22/08/2024
Europe can defeat mpox, must support Africa in getting vaccines: WHO
By UN
Briefing journalists in Geneva, Dr. Hans Kluge, WHO Regional Director for Europe, insisted that the risk from mpox to the general population was “low”
He rejected comparisons between the fast-spreading viral disease which the agency declared an international public health emergency last week, and the COVID-19 pandemic, “regardless of whether it’s mpox clade 1, behind the ongoing outbreak in east-central Africa, or mpox clade 2, behind the 2022 outbreak that initially impacted Europe and has continued to circulate in Europe since”.
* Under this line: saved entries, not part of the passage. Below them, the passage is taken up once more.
lemma is_tree_Un_cut_vertex:
  assumes t1: "is_tree V1 E1" and t2: "is_tree V2 E2" and cut: "V1 \<inter> V2 = {r}"
  shows "is_tree (V1 \<union> V2) (E1 \<union> E2)"
proof -
  have g1: "graph_on V1 E1" and g2: "graph_on V2 E2"
    and acyclic1: "\<not> has_cycle E1" and acyclic2: "\<not> has_cycle E2"
    using t1 t2 unfolding is_tree_def by auto
  have "\<not> has_cycle (E1 \<union> E2)"
  proof
    assume "has_cycle (E1 \<union> E2)"
    then obtain vs where "is_cycle (E1 \<union> E2) vs" by (auto simp: has_cycle_iff)
    then obtain ws where ws: "is_cycle (E1 \<union> E2) ws" "r \<notin> set (tl ws)"
      by (rule is_cycle_rotate_to_front)
    then have "{ws ! 0, ws ! 1} \<in> E1 \<union> E2" by (intro is_cycle_first_edge)
    then consider "ws ! 1 \<in> V1" | "ws ! 1 \<in> V2"
      using graph_on_edgeD(2)[OF g1] graph_on_edgeD(2)[OF g2] by blast
    then show False
    proof cases
      case 1
      then have "is_cycle E1 ws"
        using is_cycle_Un_cut_vertex[OF ws(1) g1 g2 _ ws(2)] cut by blast
      then show False using acyclic1 by (auto simp: has_cycle_iff)
    next
      case 2
      then have "is_cycle E2 ws"
        using is_cycle_Un_cut_vertex[of E2 E1 ws V2 V1] ws g1 g2 cut by (auto simp: Un_commute)
      then show False using acyclic2 by (auto simp: has_cycle_iff)
    qed
  qed
  moreover have "connected_graph (V1 \<union> V2) (E1 \<union> E2)"
    using t1 t2 cut connected_graph_Un[of V1 E1 V2 E2 r] unfolding is_tree_def by blast
  ultimately show ?thesis
    using g1 g2 graph_on_Un unfolding is_tree_def by blast
qed

lemma is_tree_single_edge:
  assumes "a \<noteq> b"
  shows "is_tree {a, b} {{a, b}}"
proof -
  have graph: "graph_on {a, b} {{a, b}}"
    unfolding graph_on_def using assms by blast
  have "(a, b) \<in> {(x, y). {x, y} \<in> {{a, b}}}\<^sup>*" "(b, a) \<in> {(x, y). {x, y} \<in> {{a, b}}}\<^sup>*"
    by (auto simp: insert_commute)
  then have "connected_graph {a, b} {{a, b}}"
    unfolding connected_graph_def by blast
  moreover have "\<not> is_cycle {{a, b}} vs" for vs
  proof
    assume cycle: "is_cycle {{a, b}} vs"
    then have "card (set vs) \<le> card {a, b}"
      using is_cycle_subset[OF cycle graph] by (simp add: card_mono)
    moreover have "card (set vs) \<ge> 3"
      using cycle distinct_card unfolding is_cycle_def by metis
    ultimately show False
      using card_2_iff assms by fastforce
  qed
  ultimately show ?thesis
    using graph unfolding is_tree_def has_cycle_iff by blast
qed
“We know how to control mpox - and in the European region - the steps needed to eliminate its transmission altogether,” Dr. Kluge continued.
Transmission pattern
Current scientific knowledge about the virus indicates that it primarily transmits through skin-to-skin contact with mpox lesions, including during sex. The UN health agency official’s reply to questions about whether Europe would experience COVID-like lockdowns was an unequivocal “no”.
Speaking via video link from Copenhagen, Dr. Kluge recalled that the 2022 European mpox outbreak was brought under control “thanks to the direct engagement with the most affected communities of men who have sex with men”.
He cited “behaviour change, non-discriminatory public health action and mpox vaccination” as factors of success in Europe in 2022. However, the region “failed to go the last mile” to quash the disease and is currently seeing some 100 new mpox clade 2 cases every month, he said.
Mutation discovered
Last week, Sweden became the first country outside Africa to record a case of the mpox clade 1 variant at the centre of the latest outbreak, which has been spreading from the Democratic Republic of the Congo (DRC) to neighbouring countries. The Swedish case concerned a person who had travelled to an affected area of Africa.
The current state of alert due to clade 1, which is considered to be more severe, gives European health authorities the opportunity to also strengthen focus on clade 2 and eliminate it “once and for all,” Dr. Kluge urged.